Almost all cruise lines offer pre- and post-cruise packages at hotels and include taxes, airport and pier transfers, and gratuities. While I understand the business model for the ship, no one has given me any logical reason as to why the cruise lines discriminate against single travelers for such a package with a single supplement penalty.
This is when I turned to Corniche, my travel agent, to book the same hotels and make arrangements for all airport and dock transfers. I not only saved more than $1,000, but in hotels where I am a frequent traveler received a complimentary upgrade, reward points, and other perks. The cruise line wanted payment months in advance. My credit card now will not be charged until after the stay. The cruise line not only wanted the surcharge markup penalty, but a float on my money.
In fact, I’ve found it is always best to work with a good, professional travel agent like Corniche Travel. When you look at tour packages, generally someone like Corniche can get you a better room for a better price at a hotel with no pre-payments and make arrangements with the hotel’s concierge for airport pickup and local tours. The cruise line and other tour operators not only do their customers a disservice, but the hotels as well, by not letting the front desk know of frequent travelers. And there are no rewards points through the package operators.

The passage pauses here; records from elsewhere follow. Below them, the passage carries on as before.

lemma ramp_patch_eq_right: "0 \<le> h \<Longrightarrow> -a \<le> x \<Longrightarrow> ramp_patch c a h f x = f x"
  by (simp add: ramp_patch_def)

lemma ramp_patch_eq_line:
  "-(a + h) \<le> x \<Longrightarrow> x \<le> -a \<Longrightarrow> ramp_patch c a h f x = f (-a) - c * (-a - x)"
  by (simp add: ramp_patch_def)

lemma ramp_patch_close:
  assumes "0 \<le> c" "0 \<le> h" "\<And>y. -(a + h) \<le> y \<Longrightarrow> y \<le> -a \<Longrightarrow> \<bar>f y - f (-a)\<bar> \<le> \<epsilon>"
  shows "\<bar>f x - ramp_patch c a h f x\<bar> \<le> \<epsilon> + c * h"
proof -
  define y where "y = max (-(a + h)) (min (-a) x)"
  have "-(a + h) \<le> y" "y \<le> -a"
    using assms(2) by (auto simp: y_def)
  then have "\<bar>f y - f (-a)\<bar> \<le> \<epsilon>" and "0 \<le> c * (-a - y)" and "c * (-a - y) \<le> c * h"
    using assms by (auto intro: mult_left_mono)
  moreover have "f x - ramp_patch c a h f x = (f y - f (-a)) + c * (-a - y)"
    by (simp add: ramp_patch_def y_def Let_def)
  ultimately show ?thesis
    unfolding abs_le_iff by linarith
qed

lemma ramp_patch_uniform_approx:
  assumes f: "continuous_on UNIV f" and "0 \<le> c" "0 < e"
  obtains h where "h > 0" "\<And>x. \<bar>f x - ramp_patch c a h f x\<bar> \<le> e"
proof -
  obtain \<delta> where "\<delta> > 0" and \<delta>: "\<And>y. dist y (-a) < \<delta> \<Longrightarrow> dist (f y) (f (-a)) < e / 2"
    using f \<open>e > 0\<close> unfolding continuous_on_iff by (metis UNIV_I half_gt_zero)
  define h where "h = min (\<delta> / 2) (e / (2 * (c + 1)))"
  have "h > 0" and "h < \<delta>"
    using \<open>\<delta> > 0\<close> \<open>e > 0\<close> \<open>0 \<le> c\<close> by (simp_all add: h_def)
  have "c * h \<le> (c + 1) * (e / (2 * (c + 1)))"
    using \<open>h > 0\<close> \<open>0 \<le> c\<close> by (intro mult_mono) (auto simp: h_def)
  also have "\<dots> = e / 2"
    using \<open>0 \<le> c\<close> by (simp add: field_simps)
  finally have "c * h \<le> e / 2" .
  have "\<bar>f y - f (-a)\<bar> \<le> e / 2" if "-(a + h) \<le> y" "y \<le> -a" for y
  proof -
    have "dist y (-a) < \<delta>"
      using that \<open>h < \<delta>\<close> by (simp add: dist_real_def)
    then show ?thesis
      using \<delta> by (simp add: dist_real_def less_imp_le)
  qed
  then have "\<bar>f x - ramp_patch c a h f x\<bar> \<le> e" for x
    using ramp_patch_close[of c h a f "e / 2" x] \<open>h > 0\<close> \<open>c * h \<le> e / 2\<close> \<open>0 \<le> c\<close> by simp
  with \<open>h > 0\<close> show ?thesis
    by (rule that)
qed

I learned this the hard way several years ago when I booked a package with Maupintour for Rome. When I checked in the hotel, I showed my rewards card and was immediately upgraded. Later, I wrote Bill Kerby, CEO of Maupintour and asked what his company did for me that I could not do myself through my travel agent and why I should ever book another tour through his company. He never responded to several requests.
Trying to contact Torstein Hagen, CEO of Viking River Cruises was another matter. Viking’s response to me was “… at this time, and in perpetuity, he will not accept direct contact from passengers.” Perpetuity can be a long time to wait for an answer. Dale, Kerby and Hagen need to take a page out of Crystal’s Michel’s customer service book.

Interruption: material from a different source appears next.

(* Assume every node of $G$ belongs to at least one $h$-clique. Let $f^*$ be any maximum flow in $\mathcal{H}$. Then in the residual graph $\mathcal{H}_{f^*}$ there is a directed path from $t$ to every node $v\in V$.
   Context: Let $G=(V,E)$ be a finite simple undirected graph and $h\ge2$. An $h$-clique is a set of $h$ pairwise adjacent nodes; $\mu_h(G[W])$ counts $h$-cliques inside $W$; for nonempty $W$, $\rho_h(W)=\mu_h(G[W])/|W|$; $\rho_h^*=\max_{\emptyset\ne W\subseteq V}\rho_h(W)$; $deg_G(v,h)$ is the number of $h$-cliques containing $v$; $\Lambda$ is the set of $(h-1)$-cliques of $G$ contained in some $h$-clique. Flow network $\mathcal{H}=(V_\mathcal{H},E_\mathcal{H},c)$: $V_\mathcal{H}=V\cup\Lambda\cup\{s,t\}$; for $v\in V$: arcs $(s,v)$ cap. $deg_G(v,h)$, $(v,t)$ cap. $h\rho_h^*$, $(v,s),(t,v)$ cap. $0$; for $\lambda\in\Lambda$, $v\in\lambda$: $(\lambda,v)$ cap. $+\infty$, $(v,\lambda)$ cap. $0$; for $\lambda\in\Lambda$, $v\in V$ with $\lambda\cup\{v\}$ an $h$-clique: $(v,\lambda)$ cap. $1$, $(\lambda,v)$ cap. $0$; no other arcs. A flow $f$ satisfies $f(u,v)\le c(u,v)$, $f(v,u)=-f(u,v)$, conservation at nodes other than $s,t$; value $\sum_v f(s,v)$. The residual graph $\mathcal{H}_{f}$ has an arc $(u,v)$ whenever $(u,v)\in E_\mathcal{H}$ and $c(u,v)-f(u,v)>0$. *)

theory Defs
  imports "HOL-Library.Extended_Real"
begin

Package tour operators often discriminate against single travelers not only with added charges. My cousin and I took a trip several years ago to Copper Canyon, Mexico, and the travel was by bus and train, which, like hotels and motels, have no penalty surcharges for single travelers. However, even though we were paying more per person than others on the tour, at the hotels and motels where we stayed, we were given the least desirable of accommodations with preference going to those in double rooms.

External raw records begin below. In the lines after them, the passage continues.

lemma sin_cos_fraction_34_35_less_self:
  fixes x :: real
  defines "w \<equiv> \<lambda>y. cos y powr (1/35)"
  assumes "0 < x" "x < pi / 2"
  shows "sin x * (23 * cos x + 28 * w x) < x * (6 * (cos x)\<^sup>2 + 28 * cos x * w x + 17)"
proof -
  define num where "num y = sin y * (23 * cos y + 28 * w y)" for y
  define den where "den y = 6 * (cos y)\<^sup>2 + 28 * cos y * w y + 17" for y
  define w' where "w' y = - w y * sin y / (35 * cos y)" for y
  define num' where "num' y = cos y * (23 * cos y + 28 * w y) + sin y * (- 23 * sin y + 28 * w' y)" for y
  define den' where "den' y = - 12 * cos y * sin y + 28 * (- sin y * w y + cos y * w' y)" for y
  have w_pos: "0 < w y" if "0 < cos y" for y
    unfolding w_def using that by simp
  have den_pos: "0 < den y" if "0 < cos y" for y
    unfolding den_def using that w_pos[OF that] by (simp add: add_pos_nonneg)
  have "0 < x - num x / den x"
  proof (rule DERIV_pos_tendsto_0_imp_pos[OF \<open>0 < x\<close>])
    have "((\<lambda>y. y - num y / den y) \<longlongrightarrow> 0 - num 0 / den 0) (at_right 0)"
      unfolding num_def den_def w_def by (intro tendsto_intros) simp_all
    then show "((\<lambda>y. y - num y / den y) \<longlongrightarrow> 0) (at_right 0)"
      by (simp add: num_def)
  next
    fix y :: real assume "0 < y" "y \<le> x"
    then have c: "0 < cos y"
      using assms by (intro cos_gt_zero) simp_all
    have "(w has_real_derivative 1/35 * cos y powr (1/35 - 1) * - sin y) (at y)"
      unfolding w_def using c by (auto intro!: derivative_eq_intros)
    moreover have "1/35 * cos y powr (1/35 - 1) * - sin y = w' y"
      using c powr_diff[of "cos y" "1/35" 1] by (simp add: w_def w'_def)
    ultimately have "(w has_real_derivative w' y) (at y)"
      by simp
    then have "(num has_real_derivative num' y) (at y)" "(den has_real_derivative den' y) (at y)"
      unfolding num_def num'_def den_def den'_def
      by (auto intro!: derivative_eq_intros simp: power2_eq_square)
    then show "((\<lambda>y. y - num y / den y) has_real_derivative
        1 - (num' y * den y - num y * den' y) / (den y * den y)) (at y)"
      using den_pos[OF c] by (auto intro!: derivative_eq_intros)
  next
    fix y :: real assume "0 < y" "y < x"
    then have c: "0 < cos y" "cos y < 1"
      using assms cos_monotone_0_pi[of 0 y] by (simp_all add: cos_gt_zero)
    have "w y < 1"
      using c powr_less_mono2[of "1/35" "cos y" 1] unfolding w_def by simp
    moreover have "cos y = w y ^ 35"
      using c unfolding w_def by (simp add: powr_realpow[symmetric] powr_powr)
    then have "850 * cos y - 45 * (cos y)^3 + 17 * w y + 158 * (cos y)\<^sup>2 * w y - 980 * cos y * (w y)\<^sup>2
        = 17 * w y + 850 * w y ^ 35 - 980 * w y ^ 37 + 158 * w y ^ 71 - 45 * w y ^ 105"
      by algebra
    ultimately have "0 < 850 * cos y - 45 * (cos y)^3 + 17 * w y + 158 * (cos y)\<^sup>2 * w y - 980 * cos y * (w y)\<^sup>2"
      using cos_root_poly_pos[OF w_pos[OF c(1)]] by simp
    moreover have "(cos y)\<^sup>2 < 1"
      using c by (simp add: abs_square_less_1)
    ultimately have "0 < 4 * (1 - (cos y)\<^sup>2) * (850 * cos y - 45 * (cos y)^3 + 17 * w y
        + 158 * (cos y)\<^sup>2 * w y - 980 * cos y * (w y)\<^sup>2)"
      by simp
    moreover have "35 * cos y * w' y = - w y * sin y"
      using c by (simp add: w'_def)
    then have "5 * cos y * (den y * den y - (num' y * den y - num y * den' y))
        = 4 * (1 - (cos y)\<^sup>2) * (850 * cos y - 45 * (cos y)^3 + 17 * w y
          + 158 * (cos y)\<^sup>2 * w y - 980 * cos y * (w y)\<^sup>2)"
      using sin_squared_eq[of y] unfolding num_def num'_def den_def den'_def by algebra
    ultimately have "0 < 5 * cos y * (den y * den y - (num' y * den y - num y * den' y))"
      by simp
    then have "0 < den y * den y - (num' y * den y - num y * den' y)"
      using c by (simp add: zero_less_mult_iff)
    then show "0 < 1 - (num' y * den y - num y * den' y) / (den y * den y)"
      using den_pos[OF c(1)] by (simp add: field_simps)
  qed
  then show ?thesis
    using den_pos[of x] assms by (simp add: cos_gt_zero num_def den_def field_simps)
qed

lemma sin_div_less_power_mean_1:
  fixes x :: real
  assumes "0 < x" "x < pi / 2"
  shows "sin x / x < exp (power_mean_log (8/15) 1 (cos x) / 3)"
proof -
  have "0 < 1 * (power_mean_log (8/15) 1 (cos x) / 3 - ln (sin x / x))"
  proof (rule sign_power_mean_log_cos_sub_ln_sin_div)
    fix y :: real assume "0 < y" "y < x"
    then have c: "0 < cos y" and "0 < y" "y < pi / 2"
      using assms by (simp_all add: cos_gt_zero)
    have D: "power_mean_log_den (8/15) 1 (cos y) = (7 * cos y + 8) / (15 * cos y)"
      using c by (simp add: power_mean_log_den_def field_simps)
    have e: "3 * power_mean_log_den (8/15) 1 (cos y) * (cos y)\<^sup>2 + (sin y)\<^sup>2
        = (2 * (cos y)\<^sup>2 + 8 * cos y + 5) / 5"
      "3 * power_mean_log_den (8/15) 1 (cos y) * sin y * cos y = sin y * (7 * cos y + 8) / 5"
      using c unfolding D sin_squared_eq by (simp_all add: field_simps power2_eq_square)
    show "0 < 1 * (3 * power_mean_log_den (8/15) 1 (cos y) * sin y * cos y
        - y * (3 * power_mean_log_den (8/15) 1 (cos y) * (cos y)\<^sup>2 + (sin y)\<^sup>2))"
      unfolding e using sin_cos_fraction_1_gt_self[OF \<open>0 < y\<close> \<open>y < pi / 2\<close>] by simp
  qed (use assms in simp_all)
  then have "ln (sin x / x) < power_mean_log (8/15) 1 (cos x) / 3"
    by simp
  moreover have "0 < sin x / x"
    using assms by (simp add: sin_gt_zero2)
  ultimately show ?thesis
    by (metis exp_less_cancel_iff exp_ln)
qed

lemma power_mean_34_35_less_sin_div:
  fixes x :: real
  assumes "0 < x" "x < pi / 2"
  shows "exp (power_mean_log (8/15) (34/35) (cos x) / 3) < sin x / x"
proof -
  have "0 < - 1 * (power_mean_log (8/15) (34/35) (cos x) / 3 - ln (sin x / x))"
  proof (rule sign_power_mean_log_cos_sub_ln_sin_div)
    fix y :: real assume "0 < y" "y < x"
    then have c: "0 < cos y" and "0 < y" "y < pi / 2"
      using assms by (simp_all add: cos_gt_zero)
    have "cos y powr (1/35) * cos y powr (34/35) = cos y"
      using c by (simp flip: powr_add)
    then have "inverse (cos y) powr (34/35) = cos y powr (1/35) / cos y"
      using c unfolding inverse_powr by (simp add: divide_simps)
    then have D: "power_mean_log_den (8/15) (34/35) (cos y) = (23 * cos y + 28 * cos y powr (1/35)) / (51 * cos y)"
      using c by (simp add: power_mean_log_den_def field_simps)
    have e: "3 * power_mean_log_den (8/15) (34/35) (cos y) * (cos y)\<^sup>2 + (sin y)\<^sup>2
        = (6 * (cos y)\<^sup>2 + 28 * cos y * cos y powr (1/35) + 17) / 17"
      "3 * power_mean_log_den (8/15) (34/35) (cos y) * sin y * cos y
        = sin y * (23 * cos y + 28 * cos y powr (1/35)) / 17"
      using c unfolding D sin_squared_eq by (simp_all add: field_simps power2_eq_square)
    show "0 < - 1 * (3 * power_mean_log_den (8/15) (34/35) (cos y) * sin y * cos y
        - y * (3 * power_mean_log_den (8/15) (34/35) (cos y) * (cos y)\<^sup>2 + (sin y)\<^sup>2))"
      unfolding e using sin_cos_fraction_34_35_less_self[OF \<open>0 < y\<close> \<open>y < pi / 2\<close>] by simp
  qed (use assms in simp_all)
  then have "power_mean_log (8/15) (34/35) (cos x) / 3 < ln (sin x / x)"
    by simp
  moreover have "0 < sin x / x"
    using assms by (simp add: sin_gt_zero2)
  ultimately show ?thesis
    by (metis exp_less_cancel_iff exp_ln)
qed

Travel and tourism is one of the world’s largest industries. Last year it accounted for $3.3 trillion or more than 10 percent of the world’s Gross Domestic Product and approximately eight percent of all jobs worldwide. The industry also has examples of some of the best and worst cases of how to deal with crises and customer service.
More or more people are taking cruises, up from 11 million in 2006. Cruise ship crises are ever increasing as people fall overboard; there are outbreaks of Norwalk Virus or Norovirus and other illnesses; on-board fires; reported instances of rape, robbery and assault; engine and mechanical failures; pollution of the waterways and environment; ships running aground, hitting icebergs and even sinking in the Antarctic; and passengers killed in accidents on shore excursions.
If all single travelers united and refused to pay the discriminatory single supplement surcharge, another crisis category could be added to the list.